- Born: April 7, 1909 Amsterdam
- Died: 1994 (aged 84–85)
- Occupation: Inventor
- Years active: 1952-1972
- Known for: Mixed metal oxide electrodes

= Henri Bernard Beer =

Henri Bernard Beer (born April 7, 1909 in Amsterdam, died 1994) was a Dutch inventor and business man. He is known in electrochemistry as the inventor of the mixed metal oxides (MMO) coatings onto titanium, and the creator of two patents known as Beer I and Beer II. He was awarded the Vittorio de Nora-Diamond Shamrock award in 1980, and an honorary doctorate degree by the Eindhoven University of Technology, the Netherlands in 1986.

== Titanium-based electrodes ==
Henri Beer was working from 1957 to 1972 at the company Magneto Chemie (since 2002, Magneto Special Anodes, in The Netherlands), where he investigated the possibilities of coating titanium with a precious metal or precious metal oxide; he found this could be used to replace graphite in a chlor-alkali cell. He first experimented with rhodium electroplated onto titanium, and filed a patent on this. Almost simultaneously, but independently, J.B. Cotton's group in the Metals Division of ICI filed a patent on platinum electrodeposited onto titanium. The small-sized Magneto Chemie started collaborating with the much larger ICI on the development of titanium-based electrodes. Beer working at Magneto focussed on coating formulations, whereas others were working on the commercial viability of coatings onto titanium electrodes.

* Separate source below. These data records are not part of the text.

(* Let $a<b$ and $\ell_3>0$, and let $U(y,z)$ be a smooth real-valued function on $[a,b]\times\mathbb{R}$, $\ell_3$-periodic in $z$, satisfying $U_y=0$ at $y=a$ and at $y=b$. Let $A=\max_{y,z}|\nabla U|$ and $B=\max_{y,z}|\Delta U|$. Suppose $k\neq 0$ is real, $c=c_r+ic_i$ is complex with $c_i>0$, and there are smooth functions $u,v,w,p$ on $[a,b]\times\mathbb{R}$, $\ell_3$-periodic in $z$, not all identically zero, such that \[ ik(U-c)u+vU_y+wU_z=-ikp,\quad ik(U-c)v=-p_y,\quad ik(U-c)w=-p_z,\quad iku+v_y+w_z=0, \] with $v(a,z)=v(b,z)=0$ for all $z$. Then \[ (kc_i)^2\le 2A^2+Bc_i, \] equivalently $\left(kc_i-\frac{B}{2k}\right)^2\le 2A^2+\left(\frac{B}{2k}\right)^2$.
   Context: Here $\nabla=(\partial_y,\partial_z)$ and $\Delta=\partial_y^2+\partial_z^2$. The system is the linearization of the 3D Euler equations in the channel $a\le y\le b$ (slip boundary condition, periodic in $x$ and $z$) about the steady shear $(U(y,z),0,0)$ with constant pressure, for perturbations of the form $e^{ik(x-ct)}(u,v,w,p)(y,z)+\text{c.c.}$; such $c$ is called an unstable eigenvalue with wave number $k$. *)

theory Defs
  imports "HOL-Analysis.Analysis"
begin

definition strip :: "real \<Rightarrow> real \<Rightarrow> (real \<times> real) set" where
  "strip a b = {a..b} \<times> UNIV"

definition dy :: "real \<Rightarrow> real \<Rightarrow> (real \<times> real \<Rightarrow> 'v::real_normed_vector) \<Rightarrow> real \<times> real \<Rightarrow> 'v" where
  "dy a b f = (\<lambda>(y,z). vector_derivative (\<lambda>t. f (t,z)) (at y within {a..b}))"

definition dz :: "(real \<times> real \<Rightarrow> 'v::real_normed_vector) \<Rightarrow> real \<times> real \<Rightarrow> 'v" where
  "dz f = (\<lambda>(y,z). vector_derivative (\<lambda>t. f (y,t)) (at z))"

The platinum electroplated titanium electrodes had a large overpotential for chlorine evolution. The next step was moving from platinum electroplated titanium to platinum-iridium mixtures applied using the paint-thermal decomposition method. This eventually resulted in a platinum-iridium Pt/Ir 70/30 composition, with a much lower overpotential for chlorine evolution.

== Patents ==
In 1965, Beer proposed another change in coating: application of ruthenium oxide onto titanium, and filed his first patent on mixed metal oxide coatings, known as Beer 1. That patent described the co-deposition of titanium and ruthenium oxides. Beer sold his technological concepts to the Italian company De Nora. In 1967, the Beer 2 patent followed, which covered the optimal, stabilized ruthenium-titanium oxide mixture (RuO_{2}/TiO_{2}) for chlorine evolution in the chlor-alkali process. Since then, the titanium based electrode have been widely used in the chlorine, chlorate and hypochlorite industries.